Monty Is Innocent is a video game written by Chris Kerry for the ZX Spectrum and published by Gremlin Graphics in 1985. It is a sequel to Wanted: Monty Mole released the previous year. While the game was marketed as Monty Is Innocent, it is never referred to by that title in-game; instead it merely displays Great Escape!. The inlay also features this title, on the newspaper that Monty Mole is reading in his cell.

== Story ==

Monty Mole has been sentenced to five years in Scudmore Prison for stealing a bucket of coal. Monty's best friend, the mysterious masked rodent, Sam Stoat, is determined to set Monty free. Sam must face the evil forces, lurking in the depths of Scudmore, and rescue Monty.

== Gameplay ==

While billed as a sequel to the game Wanted: Monty Mole, Monty Is Innocent is very different; in addition to the obvious difference (the player controls Sam Stoat, rather than Monty) the previous Monty Mole game was a platform game whereas Monty Is Innocent is a linked, multi-screen 3D maze game. The player must collect a key from the Governor's office to open a cell door. There are eight keys (which open eight doors) and the player must return to the office each time until the key to open Monty's cell is found.
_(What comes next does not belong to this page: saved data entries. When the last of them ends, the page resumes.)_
lemma nat_le_7_cases:
  "(n::nat) \<le> 7 \<Longrightarrow> n = 0 \<or> n = 1 \<or> n = 2 \<or> n = 3 \<or> n = 4 \<or> n = 5 \<or> n = 6 \<or> n = 7"
  by auto

lemma index8_cases:
  "(r::nat) \<in> {1..8} \<Longrightarrow> r = 1 \<or> r = 2 \<or> r = 3 \<or> r = 4 \<or> r = 5 \<or> r = 6 \<or> r = 7 \<or> r = 8"
  by auto

lemma ent_tr_mult:
  assumes "r \<in> {1..8}" "a \<in> {1..8}" "b \<in> {1..8}"
  shows "ent (tr a b *v w) r = ent w (if r = a then b else if r = b then a else r)"
proof -
  have if_one_mult: "(if P then 1 else 0) * x = (if P then x else 0)" for P and x :: complex
    by simp
  show ?thesis
    using assms unfolding tr_def by (simp add: ent_mk_mult if_one_mult)
qed

lemma ent_Xm_mult:
  fixes w :: vec8
  defines "a \<equiv> ent w 1" and "b \<equiv> ent w 2" and "c \<equiv> ent w 3" and "d \<equiv> ent w 4"
    and "e \<equiv> ent w 5" and "f \<equiv> ent w 6" and "g \<equiv> ent w 7" and "h \<equiv> ent w 8"
  shows "ent (Xm *v w) 1 = (a+b-c-d-e+f+g+h)/2" "ent (Xm *v w) 2 = b"
    "ent (Xm *v w) 3 = (-a+b+c-d-e+f+g+h)/2" "ent (Xm *v w) 4 = (-a+b-c+d-e+f+g+h)/2"
    "ent (Xm *v w) 5 = (-a+b-c-d+e+f+g+h)/2" "ent (Xm *v w) 6 = f"
    "ent (Xm *v w) 7 = g" "ent (Xm *v w) 8 = h"
  unfolding assms Xm_def by (simp_all add: ent_mk_mult_expand field_simps del: One_nat_def)
text \<open>Here u \<mapsto> -u and L \<mapsto> -L \<circ> swap are the Gauss data at the
  exchanged configuration (gauss_swap, gauss_deriv_swap); the sign is
  list_det_negate_exchange_halves, and the shuffle signs agree by half_swap_sum.\<close>
lemma split_term_swap:
  fixes a c :: "(real^'n::finite) list \<Rightarrow> real"
  assumes N: "CARD('n) = 2*k+1" and ev: "even k"
    and S: "S \<subseteq> {..<2*CARD('n)}" "card S = 2*(k+1)"
  shows "split_term (k+1) c a (-u) (\<lambda>v. - L (prod.swap v)) S
       = - split_term (k+1) a c u L (half_swap CARD('n) ` S)"
proof (cases "length (lower_part S :: (real^'n) list) = k+1")
  case False
  then show ?thesis
    using length_lower_upper_part[OF S(1)] S unfolding split_term_def lower_part_half_swap[OF S(1)]
    by simp
next
  case True
  let ?n = "CARD('n)"
  define D where "D = {..<2*?n} - S"
  have Dsub: "D \<subseteq> {..<2*?n}" unfolding D_def by blast
  have hi: "length (upper_part S :: (real^'n) list) = k+1"
    using length_lower_upper_part[OF S(1)] S True by simp
  have sign: "\<Sum>(half_swap ?n ` S) = \<Sum>S"
    using half_swap_sum[OF S(1)] True hi by (simp add: length_lower_part length_upper_part)
  define X where "X = map (\<lambda>v. L (0, v)) (lower_part D)"
  define Y where "Y = map (\<lambda>v. L (v, 0)) (upper_part D)"
  have XY: "length X = k" "length Y = k"
    using complement_parts_length[OF N True hi] unfolding X_def Y_def D_def by simp_all
  have "list_det (- u # map (\<lambda>v. - L (prod.swap v)) (nths prod_basis D))
      = list_det (map uminus (u # X @ Y))"
    unfolding nths_prod_basis X_def Y_def by (simp add: comp_def)
  also have "\<dots> = - list_det (u # Y @ X)"
    by (rule list_det_negate_exchange_halves[OF N ev]) (use XY in simp_all)
  also have "u # Y @ X = u # map L (nths prod_basis ({..<2*?n} - half_swap ?n ` S))"
    unfolding half_swap_complement[OF S(1)] D_def[symmetric] nths_prod_basis X_def Y_def
      lower_part_half_swap[OF Dsub] upper_part_half_swap[OF Dsub]
    by (simp add: comp_def)
  finally show ?thesis
    unfolding split_term_def lower_part_half_swap[OF S(1)] upper_part_half_swap[OF S(1)] sign
    using True hi by (simp add: D_def)
qed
A number of bottles containing a magic disappearing potion can be found around the prison, which will cause Sam to become invisible for a short time. There is also an armoury which contains an endless supply of guns, although the weapons have only five bullets each.

Points are scored for completing the game; the faster the game is completed, the more points are awarded.

== Reception ==

Reviews were mixed, with CRASH giving the game 78% and Sinclair User awarding 7/10, while Sinclair Programs gave only 40%.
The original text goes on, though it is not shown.